On the “Small Sweet Potato” platform, the authors stated:

Communication

  • They had communicated with Yang in detail.
  • Expressed respect for his work.

Data Quality

  • Admitted inadequate review.
  • Checked injected error samples manually but did not audit critical parts.
  • When GT solutions were auto‑converted to CoT by GPT, hallucinations arose, causing incorrect step labels.

Example Inference

  • Demo code in repo was dummy sample, not formal code.
  • After Yang’s alert, they modified it.

Issue Handling

  • Regretted closing the GitHub issue prematurely.
  • Promised to keep issues open until resolved.

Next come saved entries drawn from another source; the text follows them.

(* Let $A$ be a finite group acting by automorphisms on a finite group $G$ such that $\Gamma(G,A)$ contains no triangle. Then for every nonidentity element $x\in G$ there is a prime $p$ such that the order of $x$ divides $p^2$.
   Context: $\Gamma(G,A)$ is the simple graph whose vertices are the $A$-orbits $x^A$ with $x\in G\setminus\{1\}$, two distinct vertices $\mathcal{O},\mathcal{O}'$ being adjacent iff there exist $x\in\mathcal{O}$, $y\in\mathcal{O}'$ with $xy=yx$. A triangle is a set of three distinct pairwise adjacent vertices. *)

theory Defs
  imports "HOL-Algebra.Algebra"
begin

definition acts_by_automorphisms ::
  "('b, 'c) monoid_scheme \<Rightarrow> ('a, 'd) monoid_scheme \<Rightarrow> ('b \<Rightarrow> 'a \<Rightarrow> 'a) \<Rightarrow> bool" where
  "acts_by_automorphisms A G phi \<longleftrightarrow> group A \<and> group G \<and> phi \<in> hom A (AutoGroup G)"

definition A_orbit ::
  "('b, 'c) monoid_scheme \<Rightarrow> ('b \<Rightarrow> 'a \<Rightarrow> 'a) \<Rightarrow> 'a \<Rightarrow> 'a set" where
  "A_orbit A phi x = {phi a x | a. a \<in> carrier A}"

definition Gamma_vertices ::
  "('a, 'd) monoid_scheme \<Rightarrow> ('b, 'c) monoid_scheme \<Rightarrow> ('b \<Rightarrow> 'a \<Rightarrow> 'a) \<Rightarrow> 'a set set" where
  "Gamma_vertices G A phi = {A_orbit A phi x | x. x \<in> carrier G \<and> x \<noteq> \<one>\<^bsub>G\<^esub>}"

definition Gamma_adj ::
  "('a, 'd) monoid_scheme \<Rightarrow> ('b, 'c) monoid_scheme \<Rightarrow> ('b \<Rightarrow> 'a \<Rightarrow> 'a) \<Rightarrow> 'a set \<Rightarrow> 'a set \<Rightarrow> bool" where
  "Gamma_adj G A phi O1 O2 \<longleftrightarrow>
     O1 \<in> Gamma_vertices G A phi \<and> O2 \<in> Gamma_vertices G A phi \<and> O1 \<noteq> O2 \<and>
     (\<exists>x\<in>O1. \<exists>y\<in>O2. x \<otimes>\<^bsub>G\<^esub> y = y \<otimes>\<^bsub>G\<^esub> x)"

definition Gamma_has_triangle ::
  "('a, 'd) monoid_scheme \<Rightarrow> ('b, 'c) monoid_scheme \<Rightarrow> ('b \<Rightarrow> 'a \<Rightarrow> 'a) \<Rightarrow> bool" where
  "Gamma_has_triangle G A phi \<longleftrightarrow>
     (\<exists>O1 O2 O3. O1 \<noteq> O2 \<and> O1 \<noteq> O3 \<and> O2 \<noteq> O3 \<and>
        Gamma_adj G A phi O1 O2 \<and> Gamma_adj G A phi O1 O3 \<and> Gamma_adj G A phi O2 O3)"

end

theory Submission
  imports Defs
begin

text \<open>Automorphisms preserve element orders, so all elements of an orbit have the same order,
and orbits of elements of different orders are different vertices. If the order n of x had two
distinct divisors d, e with 1 < d, e < n, the powers of x of orders d, e and n would commute
pairwise, so their orbits would form a triangle. Hence n has no such pair of divisors, which for
n > 1 means that n is a prime or the square of a prime.\<close>

lemma two_proper_divisors_if_not_dvd_prime_square:
  fixes n :: nat
  assumes "n > 1" and "\<forall>p. Factorial_Ring.prime p \<longrightarrow> \<not> n dvd p ^ 2"
  obtains d e where "d dvd n" "e dvd n" "1 < d" "1 < e" "d \<noteq> e" "d \<noteq> n" "e \<noteq> n"
proof -
  obtain p where p: "Factorial_Ring.prime p" "p dvd n"
    using \<open>n > 1\<close> prime_factor_nat by (metis less_irrefl)
  define m where "m = n div p"
  have n_eq: "n = p * m"
    using p(2) by (simp add: m_def)
  have "p > 1"
    using prime_gt_1_nat[OF p(1)] .
  have "\<not> n dvd p ^ 2"
    using assms(2) p(1) by blast
  then have "m \<noteq> 1" "m \<noteq> p"
    using n_eq by (auto simp: power2_eq_square)
  moreover have "m \<noteq> 0"
    using n_eq \<open>n > 1\<close> by (metis mult_0_right not_one_less_zero)
  ultimately have "m > 1"
    by simp
  then have "p \<noteq> n" "m \<noteq> n"
    using n_eq \<open>p > 1\<close> by simp_all
  then show thesis
    using that[of p m] p(2) n_eq \<open>p > 1\<close> \<open>m > 1\<close> \<open>m \<noteq> p\<close> by auto
qed

lemma (in group_hom) ord_hom_inj:
  assumes "inj_on h (carrier G)" "x \<in> carrier G"
  shows "H.ord (h x) = G.ord x"
proof -
  have "h x [^]\<^bsub>H\<^esub> k = \<one>\<^bsub>H\<^esub> \<longleftrightarrow> x [^] k = \<one>" for k :: nat
  proof -
    have "h x [^]\<^bsub>H\<^esub> k = h (x [^] k)"
      using assms(2) by (simp add: hom_nat_pow)
    then show ?thesis
      using inj_on_eq_iff[OF assms(1) G.nat_pow_closed[OF assms(2)] G.one_closed, of k] by simp
  qed
  then show ?thesis
    using assms(2) by (simp add: H.ord_unique G.pow_eq_id)
qed

lemma (in group) ord_pow_div:
  assumes "x \<in> carrier G" "ord x \<noteq> 0" "d dvd ord x"
  shows "ord (x [^] (ord x div d)) = d"
proof -
  obtain k where k: "ord x = d * k"
    using assms(3) by blast
  then have "d \<noteq> 0" "k \<noteq> 0"
    using assms(2) by auto
  then show ?thesis
    using assms(1) k by (simp add: ord_pow)
qed

locale aut_action = A: group A + G: group G
  for A :: "('b, 'c) monoid_scheme" and G :: "('a, 'd) monoid_scheme"
    and phi :: "'b \<Rightarrow> 'a \<Rightarrow> 'a" +
  assumes phi_hom: "phi \<in> hom A (AutoGroup G)"

lemma aut_actionI: "acts_by_automorphisms A G phi \<Longrightarrow> aut_action A G phi"
  by (simp add: acts_by_automorphisms_def aut_action_def aut_action_axioms_def)

context aut_action
begin

lemma phi_auto: "a \<in> carrier A \<Longrightarrow> phi a \<in> auto G"
  using phi_hom by (auto simp: hom_def AutoGroup_def)

lemma phi_one: "y \<in> carrier G \<Longrightarrow> phi \<one>\<^bsub>A\<^esub> y = y"
  using hom_one[OF phi_hom A.group_axioms G.AutoGroup]
  by (simp add: AutoGroup_def BijGroup_def)

lemma mem_A_orbit_self: "y \<in> carrier G \<Longrightarrow> y \<in> A_orbit A phi y"
  unfolding A_orbit_def using phi_one by force

lemma ord_mem_A_orbit:
  assumes "y \<in> carrier G" "z \<in> A_orbit A phi y"
  shows "G.ord z = G.ord y"
proof -
  obtain a where a: "a \<in> carrier A" "z = phi a y"
    using assms(2) unfolding A_orbit_def by blast
  have "group_hom G G (phi a)" "inj_on (phi a) (carrier G)"
    using phi_auto[OF a(1)] G.group_axioms
    by (auto simp: auto_def Bij_def bij_betw_def group_hom_def group_hom_axioms_def)
  then show ?thesis
    using a(2) assms(1) by (simp add: group_hom.ord_hom_inj)
qed

lemma A_orbit_neq_if_ord_neq:
  assumes "y \<in> carrier G" "z \<in> carrier G" "G.ord y \<noteq> G.ord z"
  shows "A_orbit A phi y \<noteq> A_orbit A phi z"
  using assms mem_A_orbit_self ord_mem_A_orbit by metis

lemma Gamma_adj_A_orbits:
  assumes "y \<in> carrier G" "z \<in> carrier G" "y \<noteq> \<one>\<^bsub>G\<^esub>" "z \<noteq> \<one>\<^bsub>G\<^esub>"
    and "y \<otimes>\<^bsub>G\<^esub> z = z \<otimes>\<^bsub>G\<^esub> y" and "G.ord y \<noteq> G.ord z"
  shows "Gamma_adj G A phi (A_orbit A phi y) (A_orbit A phi z)"
  unfolding Gamma_adj_def Gamma_vertices_def
  using assms A_orbit_neq_if_ord_neq mem_A_orbit_self by blast

lemma Gamma_has_triangle_if_commuting:
  assumes "y1 \<in> carrier G" "y2 \<in> carrier G" "y3 \<in> carrier G"
    and "y1 \<noteq> \<one>\<^bsub>G\<^esub>" "y2 \<noteq> \<one>\<^bsub>G\<^esub>" "y3 \<noteq> \<one>\<^bsub>G\<^esub>"
    and "y1 \<otimes>\<^bsub>G\<^esub> y2 = y2 \<otimes>\<^bsub>G\<^esub> y1" "y1 \<otimes>\<^bsub>G\<^esub> y3 = y3 \<otimes>\<^bsub>G\<^esub> y1"
      "y2 \<otimes>\<^bsub>G\<^esub> y3 = y3 \<otimes>\<^bsub>G\<^esub> y2"
    and "G.ord y1 \<noteq> G.ord y2" "G.ord y1 \<noteq> G.ord y3" "G.ord y2 \<noteq> G.ord y3"
  shows "Gamma_has_triangle G A phi"
  unfolding Gamma_has_triangle_def
  using assms Gamma_adj_A_orbits A_orbit_neq_if_ord_neq by metis

end

theorem lemma5p1:
  fixes G :: "('a, 'd) monoid_scheme" and A :: "('b, 'c) monoid_scheme"
    and phi :: "'b \<Rightarrow> 'a \<Rightarrow> 'a"
  assumes "group G" and "finite (carrier G)"
    and "group A" and "finite (carrier A)"
    and "acts_by_automorphisms A G phi"
    and "\<not> Gamma_has_triangle G A phi"
    and "x \<in> carrier G" and "x \<noteq> \<one>\<^bsub>G\<^esub>"
  shows "\<exists>p::nat. Factorial_Ring.prime p \<and> group.ord G x dvd p ^ 2"
proof (rule ccontr)
  assume no_prime: "\<not> ?thesis"
  interpret aut_action A G phi
    using assms(5) by (rule aut_actionI)
  define n where "n = G.ord x"
  have "n > 1"
    using G.ord_ge_1[OF assms(2,7)] G.ord_eq_1[OF assms(7)] assms(8) by (simp add: n_def)
  then obtain d e where de: "d dvd n" "e dvd n" "1 < d" "1 < e" "d \<noteq> e" "d \<noteq> n" "e \<noteq> n"
    using two_proper_divisors_if_not_dvd_prime_square no_prime n_def by blast
  define y where "y k = x [^]\<^bsub>G\<^esub> (n div k)" for k
  have y_carrier: "y k \<in> carrier G" for k
    using assms(7) by (simp add: y_def)
  have ord_y: "G.ord (y k) = k" if "k dvd n" for k
    using G.ord_pow_div[OF assms(7)] \<open>n > 1\<close> that by (simp add: y_def n_def)
  have y_ne_one: "y k \<noteq> \<one>\<^bsub>G\<^esub>" if "k dvd n" "1 < k" for k
    using that ord_y G.ord_eq_1[OF y_carrier] by force
  have y_comm: "y k \<otimes>\<^bsub>G\<^esub> y l = y l \<otimes>\<^bsub>G\<^esub> y k" for k l
    using assms(7) by (simp add: y_def G.nat_pow_mult add.commute)
  have "Gamma_has_triangle G A phi"
    using Gamma_has_triangle_if_commuting[OF y_carrier y_carrier y_carrier
        y_ne_one[OF de(1,3)] y_ne_one[OF de(2,4)] y_ne_one[OF dvd_refl \<open>n > 1\<close>]
        y_comm y_comm y_comm]
      ord_y[OF de(1)] ord_y[OF de(2)] ord_y[OF dvd_refl] de(5-7)
    by simp
  with assms(6) show False by contradiction
qed

end
definition mu_minus :: "'n::finite \<Rightarrow> ('n \<Rightarrow> real ^ 'a) \<Rightarrow> ('n \<Rightarrow> 'a) \<Rightarrow> real" where
  "mu_minus i \<sigma> a' = (\<Prod>j\<in>UNIV - {i}. \<sigma> j $ (a' j))"

definition best_resp :: "('n \<Rightarrow> 'a::finite set) \<Rightarrow> ('n \<Rightarrow> ('n \<Rightarrow> 'a) \<Rightarrow> real)
    \<Rightarrow> ('n \<Rightarrow> real) \<Rightarrow> ('n \<Rightarrow> real \<Rightarrow> real) \<Rightarrow> ('n \<Rightarrow> real \<Rightarrow> real) \<Rightarrow> ('n \<Rightarrow> real \<Rightarrow> real)
    \<Rightarrow> 'n \<Rightarrow> (('n \<Rightarrow> 'a) \<Rightarrow> real) \<Rightarrow> (real ^ 'a) set" where
  "best_resp A x r v wp wm i \<mu> =
     {b \<in> Delta (A i). \<forall>b'\<in>Delta (A i).
        cpt_value (r i) (v i) (wp i) (wm i) (profiles A) (mu_joint i b' \<mu>) (x i)
        \<le> cpt_value (r i) (v i) (wp i) (wm i) (profiles A) (mu_joint i b \<mu>) (x i)}"

end

theory Submission
  imports Defs
begin

text \<open>The best-response sets of CPT players need not be convex, so Kakutani's theorem
does not apply to them directly. Instead one proves a Kakutani-type theorem for the closed
convex hulls of a correspondence with closed graph and compact values: Brouwer's theorem,
applied to a partition-of-unity interpolation of a selection over an \<open>\<epsilon>\<close>-net, yields points
lying in the convex hull of the selection's values at nearby points, and by upper
hemicontinuity a limit of such points lies componentwise in the closed convex hulls of the
values there. The hypotheses are supplied by Berge's maximum theorem, since the CPT value of
\<open>\<mu>(b\<^sub>i, \<mu>\<^sub>-\<^sub>i(\<sigma>\<^sub>-\<^sub>i))\<close> is continuous in \<open>(b\<^sub>i, \<sigma>)\<close>.\<close>

subsection \<open>Correspondences with closed graph\<close>

definition closed_graph_on :: "'x::metric_space set \<Rightarrow> ('x \<Rightarrow> 'y::metric_space set) \<Rightarrow> bool" where
  "closed_graph_on S G \<longleftrightarrow>
     (\<forall>xs ys x y. (\<forall>n. xs n \<in> S \<and> ys n \<in> G (xs n)) \<longrightarrow> xs \<longlonglongrightarrow> x \<longrightarrow> ys \<longlonglongrightarrow> y \<longrightarrow> x \<in> S
        \<longrightarrow> y \<in> G x)"

lemma closed_graph_onD:
  assumes "closed_graph_on S G" "\<And>n. xs n \<in> S" "\<And>n. ys n \<in> G (xs n)"
    and "xs \<longlonglongrightarrow> x" "ys \<longlonglongrightarrow> y" "x \<in> S"
  shows "y \<in> G x"
  using assms unfolding closed_graph_on_def by blast

lemma closed_graph_on_upper_hemicontinuous:
  fixes G :: "'x::metric_space \<Rightarrow> 'y::metric_space set"
  assumes G: "closed_graph_on S G" and K: "compact K" "\<And>x. x \<in> S \<Longrightarrow> G x \<subseteq> K"
    and z: "z \<in> S" and \<eta>: "\<eta> > 0"
  obtains \<delta> where "\<delta> > 0" "\<And>x y. x \<in> S \<Longrightarrow> dist x z < \<delta> \<Longrightarrow> y \<in> G x \<Longrightarrow> \<exists>u\<in>G z. dist y u < \<eta>"
proof -
  have "\<exists>\<delta>>0. \<forall>x\<in>S. dist x z < \<delta> \<longrightarrow> (\<forall>y\<in>G x. \<exists>u\<in>G z. dist y u < \<eta>)"
  proof (rule ccontr)
    assume "\<not> ?thesis"
    then have "\<forall>n. \<exists>x\<in>S. dist x z < inverse (real (Suc n)) \<and> (\<exists>y\<in>G x. \<forall>u\<in>G z. \<not> dist y u < \<eta>)"
      by (metis of_nat_0_less_iff positive_imp_inverse_positive zero_less_Suc)
    then obtain xs ys where xs: "\<And>n. xs n \<in> S" "\<And>n. dist (xs n) z < inverse (real (Suc n))"
      and ys: "\<And>n. ys n \<in> G (xs n)" "\<And>n u. u \<in> G z \<Longrightarrow> \<not> dist (ys n) u < \<eta>"
      by metis
    have "(\<lambda>n. dist (xs n) z) \<longlonglongrightarrow> 0"
      by (rule tendsto_sandwich[of "\<lambda>n. 0" _ _ "\<lambda>n. inverse (real (Suc n))"])
        (use xs(2) LIMSEQ_inverse_real_of_nat in \<open>auto intro: always_eventually less_imp_le\<close>)
    then have "xs \<longlonglongrightarrow> z" using tendsto_dist_iff by blast
    obtain l \<rho> where "l \<in> K" "strict_mono \<rho>" "(ys \<circ> \<rho>) \<longlonglongrightarrow> l"
      using compact_imp_seq_compact[OF K(1)] xs(1) ys(1) K(2) unfolding seq_compact_def by blast
    moreover have "(xs \<circ> \<rho>) \<longlonglongrightarrow> z" using \<open>xs \<longlonglongrightarrow> z\<close> \<open>strict_mono \<rho>\<close> LIMSEQ_subseq_LIMSEQ by blast
    ultimately have "l \<in> G z" using closed_graph_onD[OF G, of "xs \<circ> \<rho>" "ys \<circ> \<rho>"] xs(1) ys(1) z by auto
    moreover obtain N where "dist ((ys \<circ> \<rho>) N) l < \<eta>"
      using \<open>(ys \<circ> \<rho>) \<longlonglongrightarrow> l\<close> \<eta> unfolding lim_sequentially by blast
    ultimately show False using ys(2)[of "l" "\<rho> N"] by simp
  qed
  then show thesis using that by blast
qed
lemma nb_eigenpair_edge:
  fixes w :: "nat \<times> nat \<Rightarrow> real"
  assumes "nb_eigenpair m mu w" and "rose_adj m i j"
  shows "mu * w (i,j) = nb_centrality m w j - w (j,i)"
proof -
  have i: "i \<in> rose_nodes m" and j: "j \<in> rose_nodes m"
    using rose_adj_le[OF assms(2)] by (auto simp: rose_nodes_def)
  have "mu * w (i,j) = (\<Sum>f\<in>rose_dedges m. nb_entry (i,j) f * w f)"
    using assms(1) rose_dedgesI[OF assms(2)] unfolding nb_eigenpair_def by simp
  also have "\<dots> = (\<Sum>l\<in>rose_nodes m. if rose_adj m j l \<and> l \<noteq> i then w (j,l) else 0)"
    using sum_nb_entry[OF j] .
  also have "\<dots> = (\<Sum>l\<in>rose_nodes m.
      (if rose_adj m j l then w (j,l) else 0) - (if l = i then w (j,i) else 0))"
    using assms(2) rose_adj_sym by (intro sum.cong) auto
  also have "\<dots> = nb_centrality m w j - w (j,i)"
    using i by (simp add: sum_subtractf nb_centrality_def rose_nodes_def)
  finally show ?thesis .
qed

lemma nb_centrality_hub:
  "nb_centrality m w 0 = (\<Sum>k<m. w (0, 3*k+1) + w (0, 3*k+2))"
  unfolding nb_centrality_def by (rule sum_neighbours_hub)

lemma nb_centrality_petal:
  assumes "k < m"
  shows "nb_centrality m w (3*k+1) = w (3*k+1, 0) + w (3*k+1, 3*k+3)"
    and "nb_centrality m w (3*k+2) = w (3*k+2, 0) + w (3*k+2, 3*k+3)"
    and "nb_centrality m w (3*k+3) = w (3*k+3, 3*k+1) + w (3*k+3, 3*k+2)"
  unfolding nb_centrality_def by (rule sum_neighbours_petal[OF assms])+

lemma nb_eigenvector_petal:
  fixes v :: "nat \<times> nat \<Rightarrow> real"
  assumes eig: "nb_eigenpair m lam v" and k: "k < m"
  shows "v (3*k+1, 3*k+3) = lam * v (0, 3*k+1)"
    and "v (3*k+3, 3*k+2) = lam^2 * v (0, 3*k+1)"
    and "v (3*k+2, 0) = lam^3 * v (0, 3*k+1)"
    and "v (3*k+2, 3*k+3) = lam * v (0, 3*k+2)"
    and "v (3*k+3, 3*k+1) = lam^2 * v (0, 3*k+2)"
    and "v (3*k+1, 0) = lam^3 * v (0, 3*k+2)"
    and "lam^4 * v (0, 3*k+1) = nb_centrality m v 0 - v (0, 3*k+2)"
    and "lam^4 * v (0, 3*k+2) = nb_centrality m v 0 - v (0, 3*k+1)"
proof -
  note edge = nb_eigenpair_edge[OF eig] and cent = nb_centrality_petal[OF k]
  have a: "v (3*k+1, 3*k+3) = lam * v (0, 3*k+1)"
    and ac: "v (3*k+3, 3*k+2) = lam * v (3*k+1, 3*k+3)"
    and cb: "v (3*k+2, 0) = lam * v (3*k+3, 3*k+2)"
    and b0: "lam * v (3*k+2, 0) = nb_centrality m v 0 - v (0, 3*k+2)"
    and b: "v (3*k+2, 3*k+3) = lam * v (0, 3*k+2)"
    and bc: "v (3*k+3, 3*k+1) = lam * v (3*k+2, 3*k+3)"
    and ca: "v (3*k+1, 0) = lam * v (3*k+3, 3*k+1)"
    and a0: "lam * v (3*k+1, 0) = nb_centrality m v 0 - v (0, 3*k+1)"
    using k edge[of 0 "3*k+1"] edge[of "3*k+1" "3*k+3"] edge[of "3*k+3" "3*k+2"]
      edge[of "3*k+2" 0] edge[of 0 "3*k+2"] edge[of "3*k+2" "3*k+3"]
      edge[of "3*k+3" "3*k+1"] edge[of "3*k+1" 0] cent
    by simp_all
  show "v (3*k+1, 3*k+3) = lam * v (0, 3*k+1)"
    and "v (3*k+3, 3*k+2) = lam^2 * v (0, 3*k+1)"
    and "v (3*k+2, 0) = lam^3 * v (0, 3*k+1)"
    and "v (3*k+2, 3*k+3) = lam * v (0, 3*k+2)"
    and "v (3*k+3, 3*k+1) = lam^2 * v (0, 3*k+2)"
    and "v (3*k+1, 0) = lam^3 * v (0, 3*k+2)"
    unfolding cb ca ac bc a b by (simp_all add: power2_eq_square power3_eq_cube)
  show "lam^4 * v (0, 3*k+1) = nb_centrality m v 0 - v (0, 3*k+2)"
    and "lam^4 * v (0, 3*k+2) = nb_centrality m v 0 - v (0, 3*k+1)"
    unfolding b0[symmetric] a0[symmetric] cb ca ac bc a b by (simp_all add: power4_eq_xxxx)
qed

lemma nb_centrality_hub_pos:
  fixes v :: "nat \<times> nat \<Rightarrow> real"
  assumes eig: "nb_eigenpair m lam v" and nonneg: "\<forall>e\<in>rose_dedges m. v e \<ge> 0"
  shows "nb_centrality m v 0 > 0"
proof (rule ccontr)
  have nn: "v (0, 3*k+1) \<ge> 0" "v (0, 3*k+2) \<ge> 0" if "k < m" for k
    using that nonneg rose_dedgesI[of m 0] by simp_all
  assume "\<not> nb_centrality m v 0 > 0"
  moreover have "(\<Sum>k<m. v (0, 3*k+1) + v (0, 3*k+2)) \<ge> 0"
    using nn by (intro sum_nonneg) (simp add: add_nonneg_nonneg)
  ultimately have "(\<Sum>k<m. v (0, 3*k+1) + v (0, 3*k+2)) = 0"
    unfolding nb_centrality_hub by linarith
  then have "\<forall>k<m. v (0, 3*k+1) + v (0, 3*k+2) = 0"
    using nn by (subst (asm) sum_nonneg_eq_0_iff) (auto simp: add_nonneg_nonneg)
  then have hub_zero: "v (0, 3*k+1) = 0" "v (0, 3*k+2) = 0" if "k < m" for k
    using that nn[OF that] by auto
  obtain i j where ij: "(i,j) \<in> rose_dedges m" "v (i,j) \<noteq> 0"
    using eig unfolding nb_eigenpair_def by auto
  then have "rose_adj m i j" by (simp add: rose_dedges_def)
  then obtain k where "k < m" and "(i,j) \<in> {(0, 3*k+1), (3*k+1, 0), (0, 3*k+2), (3*k+2, 0),
    (3*k+1, 3*k+3), (3*k+3, 3*k+1), (3*k+2, 3*k+3), (3*k+3, 3*k+2)}"
    by (rule rose_adj_cases)
  with ij(2) hub_zero[of k] nb_eigenvector_petal[OF eig, of k] show False by auto
qed

lemma nb_eigenvalue_fourth_power:
  fixes v :: "nat \<times> nat \<Rightarrow> real"
  assumes eig: "nb_eigenpair m lam v" and hub: "nb_centrality m v 0 \<noteq> 0"
  shows "lam^4 = 2 * real m - 1"
proof -
  let ?S = "nb_centrality m v 0"
  have "lam^4 * ?S = (\<Sum>k<m. lam^4 * v (0, 3*k+1) + lam^4 * v (0, 3*k+2))"
    unfolding nb_centrality_hub by (simp add: sum_distrib_left algebra_simps)
  also have "\<dots> = (\<Sum>k<m. 2 * ?S - (v (0, 3*k+1) + v (0, 3*k+2)))"
    using nb_eigenvector_petal(7,8)[OF eig] by (intro sum.cong) auto
  also have "\<dots> = 2 * real m * ?S - ?S"
    unfolding sum_subtractf nb_centrality_hub[of m v, symmetric] by simp
  also have "\<dots> = (2 * real m - 1) * ?S"
    by (simp add: algebra_simps)
  finally show ?thesis using hub by simp
qed

lemma nb_eigenvector_hub_uniform:
  fixes v :: "nat \<times> nat \<Rightarrow> real"
  assumes eig: "nb_eigenpair m lam v" and lam: "lam^4 = 2 * real m - 1"
    and m: "m \<ge> 2" and k: "k < m"
  shows "v (0, 3*k+1) = nb_centrality m v 0 / (2 * real m)"
    and "v (0, 3*k+2) = nb_centrality m v 0 / (2 * real m)"
proof -
  have X: "(2 * real m - 1) * v (0, 3*k+1) = nb_centrality m v 0 - v (0, 3*k+2)"
    and Y: "(2 * real m - 1) * v (0, 3*k+2) = nb_centrality m v 0 - v (0, 3*k+1)"
    using nb_eigenvector_petal(7,8)[OF eig k] lam by simp_all
  then have "(2 * real m - 2) * (v (0, 3*k+1) - v (0, 3*k+2)) = 0"
    by (simp add: algebra_simps)
  then have "v (0, 3*k+1) = v (0, 3*k+2)" using m by simp
  with X m show "v (0, 3*k+1) = nb_centrality m v 0 / (2 * real m)"
    and "v (0, 3*k+2) = nb_centrality m v 0 / (2 * real m)"
    by (simp_all add: field_simps)
qed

> "We will seriously reflect on this experience and keep pushing ahead."

image

---

Lessons for the AI Community

This incident underscores:

  • Rigorous dataset verification is critical.
  • Open discussions help maintain research integrity.
  • Even high‑profile corporate research can have serious flaws.

---

Role of Open Platforms

Open‑source platforms like AiToEarn官网 can help:

  • Generate, publish, and monetize AI‑created content across multiple platforms.
  • Integrate analytics and AI model rankings (AI模型排名).
  • Surface and address issues transparently before they mislead research.

---

References

  • https://x.com/diyerxx/status/1994042370376032701
  • https://www.reddit.com/r/MachineLearning/comments/1p82cto/d_got_burned_by_an_apple_iclr_paper_it_was/
  • https://www.xiaohongshu.com/explore/6928aaf8000000001b022d64?app_platform=ios&app_version=9.10&share_from_user_hidden=true&xsec_source=app_share&type=normal&xsec_token=CBLEH7cvuVDNN78gtS-RUB8YQp0_GXstBHlQAk14v6t8I=&author_share=1&xhsshare=WeixinSession&shareRedId=NzxHOEQ6OTw6Pjw3Sj81SD1HQUk5R0lK&apptime=1764289526&share_id=c73caa18d27a408898ea99622f8e0360
  • https://openreview.net/forum?id=pS9jc2zxQz
  • https://openreview.net/pdf/e5917f72a8373c7f56b3cb9c0ac881d991294ee2.pdf

---

Takeaway:

Clear credit attribution, compliance with submission guidelines, and strong community oversight are vital. Open platforms and transparent workflows can ensure that AI research outputs remain accurate, ethical, and impactful.

Read more

Translate the following blog post title into English, concise and natural. Return plain text only without quotes. 哈佛大学 R 编程课程介绍

Harvard CS50: Introduction to Programming with R Harvard University offers exceptional beginner-friendly computer science courses. We’re excited to announce the release of Harvard CS50’s Introduction to Programming in R, a powerful language widely used for statistical computing, data science, and graphics. This course was developed by Carter Zenke.